Many Republicans and even some Democrats say the payroll tax cut hasn’t worked to boost jobs and is too costly with the deficit requiring the government to borrow 36 cents of every dollar it spends.

“I can’t find many people who even know that they’re getting it, OK?” said Sen. Joe Manchin, D-W.Va., who opposed both plans. “So with that being said, we’re going to double down on something that we thought should have worked that didn’t work.”

Sen. Jerry Moran, R-Kan., said after Thursday night’s vote that previous tax rebates “stimulated little and increased the debt a lot” and that it would be better to simply cut spending than turn around and use spending cuts on stimulus-style tax cuts.

The defeat of the competing Senate plans came as Boehner said for the first time that renewing the payroll tax cut would boost the lagging economy. Boehner also promised compromise on a renewal of long-term jobless benefits through the end of 2012.

The payroll tax cuts and unemployment benefits are at the center of a costly, politically-charged year-end agenda in which Democrats seem poised to prevail in renewing a tax cut that many Republicans back only reluctantly no faxing payday loans. But Republicans are insisting _ in a switch from last year _ that the payroll tax cut and jobless benefits be paid for by cutting spending.

Both parties are seeking the political high ground as next year’s elections loom, with Democrats accusing Republicans of siding with the rich, and Republicans countering that Democrats were taxing small business owners who create jobs.

The first payroll tax plan to fall was a Democratic measure that was at the heart of the jobs package Obama announced in September. It would cut the Social Security payroll tax from 6.2 percent to 3.1 percent next year and also extend the cut to employers, with its hefty $265 billion cost paid for by slapping a 3.25 percent surtax on income exceeding $1 million.

Republicans and a handful of Democrats combined to kill the measure on a 51-49 tally that fell well short of the 60 votes required under Senate rules.

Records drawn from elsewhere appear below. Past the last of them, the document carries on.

(* Let $X\neq\emptyset$ be a set, $\Phi$ a nonempty set of bounded functions $X\to\mathbb{R}$ that is compact with respect to $D_\Phi$, and assume $(X,D_X)$ is complete. Let $G$ be a subgroup of $\mathrm{Homeo}_\Phi(X)$, equipped with the pseudo-metric $D_G$. Then $G$ is a topological group with respect to the topology induced by $D_G$ (composition $G\times G\to G$ and inversion $G\to G$ are continuous), and the right action $\Phi\times G\to\Phi$, $(\varphi,g)\mapsto\varphi\circ g$, is continuous (with respect to $D_\Phi$ and $D_G$).
   Context: $D_\Phi(\varphi_1,\varphi_2):=\|\varphi_1-\varphi_2\|_\infty$. $D_X(x_1,x_2):=\sup_{\varphi\in\Phi}|\varphi(x_1)-\varphi(x_2)|$. $\mathrm{Homeo}_\Phi(X)$ is the group of bijections $g:X\to X$ that are homeomorphisms for the topology of $D_X$ and satisfy $\varphi\circ g\in\Phi$ and $\varphi\circ g^{-1}\in\Phi$ for all $\varphi\in\Phi$. For $g_1,g_2\in G$, $D_G(g_1,g_2):=\sup_{\varphi\in\Phi}D_\Phi(\varphi\circ g_1,\varphi\circ g_2)$. *)

theory Defs
  imports "HOL-Analysis.Analysis"
begin

text \<open>The underlying set X is the whole (nonempty) type 'a.\<close>

definition pm_topology :: "'a set \<Rightarrow> ('a \<Rightarrow> 'a \<Rightarrow> real) \<Rightarrow> 'a topology" where
  "pm_topology S d = topology (\<lambda>U. U \<subseteq> S \<and> (\<forall>x\<in>U. \<exists>e>0. \<forall>y\<in>S. d x y < e \<longrightarrow> y \<in> U))"

definition pm_complete :: "'a set \<Rightarrow> ('a \<Rightarrow> 'a \<Rightarrow> real) \<Rightarrow> bool" where
  "pm_complete S d \<longleftrightarrow>
     (\<forall>\<sigma>. (\<forall>n. \<sigma> n \<in> S) \<and> (\<forall>e>0. \<exists>N. \<forall>m n. N \<le> m \<and> N \<le> n \<longrightarrow> d (\<sigma> m) (\<sigma> n) < e)
        \<longrightarrow> (\<exists>l\<in>S. (\<lambda>n. d (\<sigma> n) l) \<longlonglongrightarrow> 0))"

definition D_Phi :: "('a \<Rightarrow> real) \<Rightarrow> ('a \<Rightarrow> real) \<Rightarrow> real" where
  "D_Phi \<phi>1 \<phi>2 = (SUP x. \<bar>\<phi>1 x - \<phi>2 x\<bar>)"

definition D_X :: "('a \<Rightarrow> real) set \<Rightarrow> 'a \<Rightarrow> 'a \<Rightarrow> real" where
  "D_X \<Phi> x1 x2 = (SUP \<phi>\<in>\<Phi>. \<bar>\<phi> x1 - \<phi> x2\<bar>)"

definition Homeo_Phi :: "('a \<Rightarrow> real) set \<Rightarrow> ('a \<Rightarrow> 'a) set" where
  "Homeo_Phi \<Phi> = {g. bij g
      \<and> homeomorphic_map (pm_topology UNIV (D_X \<Phi>)) (pm_topology UNIV (D_X \<Phi>)) g
      \<and> (\<forall>\<phi>\<in>\<Phi>. \<phi> \<circ> g \<in> \<Phi> \<and> \<phi> \<circ> inv g \<in> \<Phi>)}"

definition D_G :: "('a \<Rightarrow> real) set \<Rightarrow> ('a \<Rightarrow> 'a) \<Rightarrow> ('a \<Rightarrow> 'a) \<Rightarrow> real" where
  "D_G \<Phi> g1 g2 = (SUP \<phi>\<in>\<Phi>. D_Phi (\<phi> \<circ> g1) (\<phi> \<circ> g2))"

definition is_subgroup_of :: "('a \<Rightarrow> 'a) set \<Rightarrow> ('a \<Rightarrow> 'a) set \<Rightarrow> bool" where
  "is_subgroup_of G H \<longleftrightarrow> G \<subseteq> H \<and> id \<in> G \<and> (\<forall>g\<in>G. \<forall>h\<in>G. g \<circ> h \<in> G) \<and> (\<forall>g\<in>G. inv g \<in> G)"

end

theory Submission
  imports Defs
begin

text \<open>All three maps are Lipschitz in each variable. Since every \<open>g \<in> G\<close> maps \<open>\<Phi>\<close> into
itself by precomposition, \<open>D_G(gh, g'h') \<le> D_G(g, g') + D_G(h, h')\<close>; since \<open>g\<^sup>-\<^sup>1\<close> does too,
substituting \<open>x = g' y\<close> gives \<open>D_G(g\<^sup>-\<^sup>1, g'\<^sup>-\<^sup>1) \<le> D_G(g, g')\<close>; and directly
\<open>D_\<Phi>(\<phi> g, \<phi>' g') \<le> D_\<Phi>(\<phi>, \<phi>') + D_G(g, g')\<close>. Compactness of \<open>\<Phi>\<close> enters only to make \<open>\<Phi>\<close>
uniformly bounded (a finite \<open>1\<close>-net of bounded functions), which is what makes the
suprema defining \<open>D_G\<close> finite.\<close>

definition pseudo_metric_on :: "'a set \<Rightarrow> ('a \<Rightarrow> 'a \<Rightarrow> real) \<Rightarrow> bool" where
  "pseudo_metric_on S d \<longleftrightarrow>
     (\<forall>x\<in>S. d x x = 0) \<and> (\<forall>x\<in>S. \<forall>y\<in>S. \<forall>z\<in>S. d x z \<le> d x y + d y z)"

lemma openin_pm_topology:
  "openin (pm_topology S d) U \<longleftrightarrow> U \<subseteq> S \<and> (\<forall>x\<in>U. \<exists>e>0. \<forall>y\<in>S. d x y < e \<longrightarrow> y \<in> U)"
proof -
  have "istopology (\<lambda>U. U \<subseteq> S \<and> (\<forall>x\<in>U. \<exists>e>0. \<forall>y\<in>S. d x y < e \<longrightarrow> y \<in> U))"
    unfolding istopology_def
  proof (rule conjI; intro allI impI)
    fix A B
    assume A: "A \<subseteq> S \<and> (\<forall>x\<in>A. \<exists>e>0. \<forall>y\<in>S. d x y < e \<longrightarrow> y \<in> A)"
      and B: "B \<subseteq> S \<and> (\<forall>x\<in>B. \<exists>e>0. \<forall>y\<in>S. d x y < e \<longrightarrow> y \<in> B)"
    show "A \<inter> B \<subseteq> S \<and> (\<forall>x\<in>A \<inter> B. \<exists>e>0. \<forall>y\<in>S. d x y < e \<longrightarrow> y \<in> A \<inter> B)"
    proof (intro conjI ballI)
      fix x assume "x \<in> A \<inter> B"
      then obtain e1 e2 where "e1 > 0" "e2 > 0"
        "\<forall>y\<in>S. d x y < e1 \<longrightarrow> y \<in> A" "\<forall>y\<in>S. d x y < e2 \<longrightarrow> y \<in> B"
        using A B by blast
      then show "\<exists>e>0. \<forall>y\<in>S. d x y < e \<longrightarrow> y \<in> A \<inter> B"
        by (intro exI[of _ "min e1 e2"]) auto
    qed (use A in blast)
  qed (meson Union_iff Union_least)
  then show ?thesis
    unfolding pm_topology_def by simp
qed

For the first time, a Republican, Susan Collins of Maine, voted to support the millionaires’ surcharge.

In a surprising result, Democrats and more than two dozen Republicans then voted 78-20 to kill the $120 billion GOP alternative that would have simply extended the existing 2 percentage point payroll tax cut, financed by freezing federal workers’ pay through 2015 and reducing the government bureaucracy.

Republicans offered a simple one-year continuation of the existing law, jettisoning Obama’s call to deepen the cut to 3.1 percentage point on workers’ first $106,800 in earnings, while expanding it to cut in half employers’ Social Security contributions for their $5 million in payroll.

To pay for the measure, Senate Republicans proposed freezing federal workers’ pay through 2015 _ extending a two-year-freeze recommended by Obama _ and reducing the bureaucracy by 200,000 jobs through attrition.

The Democratic plan would give a worker earning $50,000 a more than $1,500 tax cut; the GOP plan would provide a $1,000 tax cut for such an earner. A two-income family making $200,000 would reap a $6,000-plus tax cut under the Democratic plan and a $4,000 tax cut under the GOP version.

Source

11/26/2011 (12:03 am)

Virgin America CEO looks to make flying fun again

Filed under: Homebuilders, news |

Virgin America CEO David Cush believes flying doesn’t have to be painful. He remembers when boarding a plane was exciting and wants to bring back that joy.

That is why every job applicant, including pilots, flight attendants and baggage handlers, takes a personality test. He wants employees who are hard-wired with positive outlooks on life.

Virgin America, which is partly owned by Richard Branson, the founder of the edgy British airline Virgin Atlantic, doesn’t aim to be the biggest carrier. It only flies between big cities, such as Los Angeles, Chicago and Boston, serving about 5 million passengers annually _ a tiny fraction of the size of major airlines like Delta and United.

But Cush wants Virgin America to be recognized for superior quality _ and he appears to be succeeding. The airline, based near San Francisco, has routinely ranked at the top of customer surveys.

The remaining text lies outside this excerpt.